Defense Secretary McNamara Testifies Before the Senate
At a press conference in Washington, Defense Secretary Robert McNamara displays a Chinese-made machine gun seized from the Viet Cong in South Vietnam, April 26, 1965 (source) |
Bill Downs
ABC Washington
February 24, 1967
Just about everyone in the country would agree, we think that it's Washington—not Chicago—which should be called the Windy City. And if there is any question that the mass production of words is the main manufacture of this city, then let the doubter try to lift only three months of Congressional Records during a normal session on Capitol Hill.
Which brings us to one of the most inclusive and important government documents published here in Washington at about this time every year. It's put out by the Pentagon and signed by the Secretary of Defense, and unofficially it's called the "military posture" report. This year the report is more than two hundred pages containing some 390,000 words—or about the length of three average-sized novels.
Defense Secretary McNamara presented it to the Senate Armed Services Committee this week, thus making public a global survey of America's estimate of the military and diplomatic state of the world and the probability of preserving the present piecemeal peace—and preventing a nuclear World War III.
Of course, we Pentagon reporters are allowed to see only the so-called "sanitized version" of the secretary's military posture survey. All military and diplomatic secrets are carefully screened out.

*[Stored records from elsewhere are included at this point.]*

theorem propositionA1:
  fixes f1 :: "'y::euclidean_space \<Rightarrow> ereal" and f2 :: "'z::euclidean_space \<Rightarrow> ereal"
    and B1 :: "'y \<Rightarrow> 'x::euclidean_space" and B2 :: "'z \<Rightarrow> 'x"
    and c :: 'x and \<sigma> :: real
    and y0 :: 'y and z0 :: 'z and x0 :: 'x
    and y z :: "nat \<Rightarrow> _" and xh x xt :: "nat \<Rightarrow> 'x"
    and yb yw :: "nat \<Rightarrow> 'y" and zb zw :: "nat \<Rightarrow> 'z" and xb xw :: "nat \<Rightarrow> 'x"
  assumes f1: "proper_fun f1" "convex_fun f1" "closed_fun f1"
    and f2: "proper_fun f2" "convex_fun f2" "closed_fun f2"
    and lin: "linear B1" "linear B2"
    and sig: "\<sigma> > 0"
    and T1: "maximal_monotone (subdiff_plus_BB f1 \<sigma> B1)" "strongly_monotone (subdiff_plus_BB f1 \<sigma> B1)"
    and T2: "maximal_monotone (subdiff_plus_BB f2 \<sigma> B2)" "strongly_monotone (subdiff_plus_BB f2 \<sigma> B2)"
    and init: "y0 \<in> effdom f1" "z0 \<in> effdom f2"
    \<comment> \<open>Algorithm I (HPR without proximal terms); xh k stands for x^{k+1/2}\<close>
    and I0: "y 0 = y0" "z 0 = z0" "x 0 = x0" "xt 0 = x0"
    and Iz: "\<And>k. is_zsub_min f2 B1 B2 c \<sigma> (y k) (xt k) (z (Suc k))"
    and Ixh: "\<And>k. xh k = xt k + \<sigma> *\<^sub>R (B1 (y k) + B2 (z (Suc k)) - c)"
    and Iy: "\<And>k. is_ysub_min f1 B1 B2 c \<sigma> (z (Suc k)) (xh k) (y (Suc k))"
    and Ix: "\<And>k. x (Suc k) = xh k + \<sigma> *\<^sub>R (B1 (y (Suc k)) + B2 (z (Suc k)) - c)"
    and Ixt: "\<And>k. xt (Suc k) = (1 / (real k + 2)) *\<^sub>R xt 0 + ((real k + 1) / (real k + 2)) *\<^sub>R x (Suc k)
                 + (\<sigma> / (real k + 2)) *\<^sub>R (B1 (y 0) - B1 (y (Suc k)))"
    \<comment> \<open>Algorithm II (Halpern accelerated pADMM without proximal terms)\<close>
    and II0: "yw 0 = y0" "zw 0 = z0" "xw 0 = x0"
    and IIz: "\<And>k. is_zsub_min f2 B1 B2 c \<sigma> (yw k) (xw k) (zb (Suc k))"
    and IIx: "\<And>k. xb (Suc k) = xw k + \<sigma> *\<^sub>R (B1 (yw k) + B2 (zb (Suc k)) - c)"
    and IIy: "\<And>k. is_ysub_min f1 B1 B2 c \<sigma> (zb (Suc k)) (xb (Suc k)) (yb (Suc k))"
    and IIw: "\<And>k. yw (Suc k) = (1 / (real k + 2)) *\<^sub>R yw 0 + ((real k + 1) / (real k + 2)) *\<^sub>R (2 *\<^sub>R yb (Suc k) - yw k)"
             "\<And>k. zw (Suc k) = (1 / (real k + 2)) *\<^sub>R zw 0 + ((real k + 1) / (real k + 2)) *\<^sub>R (2 *\<^sub>R zb (Suc k) - zw k)"
             "\<And>k. xw (Suc k) = (1 / (real k + 2)) *\<^sub>R xw 0 + ((real k + 1) / (real k + 2)) *\<^sub>R (2 *\<^sub>R xb (Suc k) - xw k)"
  shows "(\<forall>yy xx. \<exists>!zz. is_zsub_min f2 B1 B2 c \<sigma> yy xx zz)
       \<and> (\<forall>zz xx. \<exists>!yy. is_ysub_min f1 B1 B2 c \<sigma> zz xx yy)
       \<and> (\<forall>k. y (Suc k) = yb (Suc k) \<and> z (Suc k) = zb (Suc k) \<and> xh k = xb (Suc k))"
proof -
  have unique_z: "\<exists>!zz. is_zsub_min f2 B1 B2 c \<sigma> yy xx zz" for yy xx
    by (rule is_zsub_min_ex1[OF f2 lin(2) sig T2])
  have unique_y: "\<exists>!yy. is_ysub_min f1 B1 B2 c \<sigma> zz xx yy" for zz xx
    by (rule is_ysub_min_ex1[OF f1 lin(1) sig T1])
  note agree = admm_steps_agree[OF unique_z unique_y _ Iz IIz Ixh IIx Iy IIy]
  have shift: "xt k + \<sigma> *\<^sub>R B1 (y k) = xw k + \<sigma> *\<^sub>R B1 (yw k)" for k
  proof (induction k)
    case 0
    show ?case
      by (simp add: I0 II0)
  next
    case (Suc k)
    define p where "p = 1 / (real k + 2)"
    have coeffs: "(real k + 1) / (real k + 2) = 1 - p" "\<sigma> / (real k + 2) = \<sigma> * p"
      by (simp_all add: p_def field_simps)
    have "xt (Suc k) + \<sigma> *\<^sub>R B1 (y (Suc k)) = p *\<^sub>R (x0 + \<sigma> *\<^sub>R B1 y0)
        + (1 - p) *\<^sub>R (2 *\<^sub>R (xh k + \<sigma> *\<^sub>R B1 (y (Suc k))) - (xt k + \<sigma> *\<^sub>R B1 (y k)))"
      using hpr_shifted_multiplier_step[where B = B1 and C = B2, OF Ixh[of k] Ix[of k] Ixt[of k, unfolded coeffs p_def[symmetric]]]
      by (simp add: I0)
    also have "\<dots> = p *\<^sub>R (x0 + \<sigma> *\<^sub>R B1 y0)
        + (1 - p) *\<^sub>R (2 *\<^sub>R (xb (Suc k) + \<sigma> *\<^sub>R B1 (yb (Suc k))) - (xw k + \<sigma> *\<^sub>R B1 (yw k)))"
      using agree[OF Suc.IH] Suc.IH by simp
    also have "\<dots> = xw (Suc k) + \<sigma> *\<^sub>R B1 (yw (Suc k))"
      unfolding IIw(1,3) coeffs p_def[symmetric] II0
      by (rule halpern_shifted_multiplier_step[OF lin(1), symmetric])
    finally show ?case .
  qed
  show ?thesis
    using unique_z unique_y agree[OF shift] by blast
qed
(* Let $\Psi\colon\mathbb R^{m+n}\to\mathbb R^m$ be the projection, $V\subseteq\mathbb R^m$ a closed subset, and $f\in C^\infty(\mathbb R^{m+n})$ with $f^{-1}(0)=\Psi^{-1}(V)$. Then there exist $g\in C^\infty(\mathbb R^{m+n})$ and $h\in C^\infty(\mathbb R^m)$ such that $h\circ\Psi=fg$ and $g^{-1}(0)=\Psi^{-1}(V)$. *)

theory Defs
  imports "HOL-Analysis.Analysis"
begin

fun Ck :: "nat \<Rightarrow> ('a::euclidean_space \<Rightarrow> real) \<Rightarrow> bool" where
  "Ck 0 f = continuous_on UNIV f"
| "Ck (Suc k) f = (f differentiable_on UNIV \<and>
      (\<forall>b\<in>Basis. Ck k (\<lambda>x. frechet_derivative f (at x) b)))"

definition smooth :: "('a::euclidean_space \<Rightarrow> real) \<Rightarrow> bool" where
  "smooth f \<longleftrightarrow> (\<forall>k. Ck k f)"

end

theory Submission
  imports Defs "HOL-Computational_Algebra.Polynomial"
begin

text \<open>Put k(x, y) = f(x, 0); like f, the smooth function k vanishes exactly on fst -` V. Take
  g = \<theta>(k^2) / f off this set, g = 0 on it, and h(x) = \<theta>(f(x, 0)^2), so that h \<circ> fst = f g.
  Here \<theta> is smooth on the reals, positive on (0, \<infinity>), and so flat at 0 that every term
  \<theta>^(j)(k^2) / f^m is o(|q - p|) at each zero p of k; the partial derivatives of g are sums of such
  terms times smooth functions, hence g is smooth. Such a \<theta> exists because |f| has a positive lower
  bound c(N) on each compact shell {|q| \<le> N, k(q)^2 \<ge> 4^-N}: \<theta> is a series of translates of
  exp(-1/s) to the points 4^-M, with weights so small that |\<theta>^(j)| \<le> 4^-N c(N+1)^N on (0, 4^-N]
  whenever j \<le> N.\<close>

section \<open>Smooth functions\<close>

definition partial_deriv :: "'a::euclidean_space \<Rightarrow> ('a \<Rightarrow> real) \<Rightarrow> 'a \<Rightarrow> real" where
  "partial_deriv b w x = frechet_derivative w (at x) b"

But each year the Pentagon makes public for all the world to see the best military, economic, political, and diplomatic estimates the US government can make of the state of American military power as compared with the actual potential threats to our national security around the world.
The McNamara report includes a frank discussion of the "strengths and weaknesses" among the Communist nations, and goes on to assess the condition of peace, or lack of it, in every other section of the globe. There's also a full review of the current condition of the US Army, Navy, Air Force, and Marines, plus the Pentagon plans for strengthening and improving them over the next five years.
Secretary McNamara calls it a "unique document" and unprecedented in the history of nations. Certainly the annual military posture survey is most eagerly sought after—by the military and political columnists who will feed off it for the next twelve months, by the members of Congress both favoring and critical of the Johnson Administration, and both by our friends as well as our enemies overseas who constantly assess the tremendous military power of the United States.
However, the true value and real measure of this carefully qualified exposure of America's defensive and offensive strength lies in the fact that such a report is published at all.
In these days of public debate over America's policies in Vietnam and charges of military and administrative penury, the military posture report, even the sanitized version, is not a statement from a weak, confused, or fearful government or its people.
Personally, we hope Secretary McNamara sends separate copies, airmail special delivery, to Moscow, Havana, Peking, and Hanoi.
This is Bill Downs for ABC News in Washington.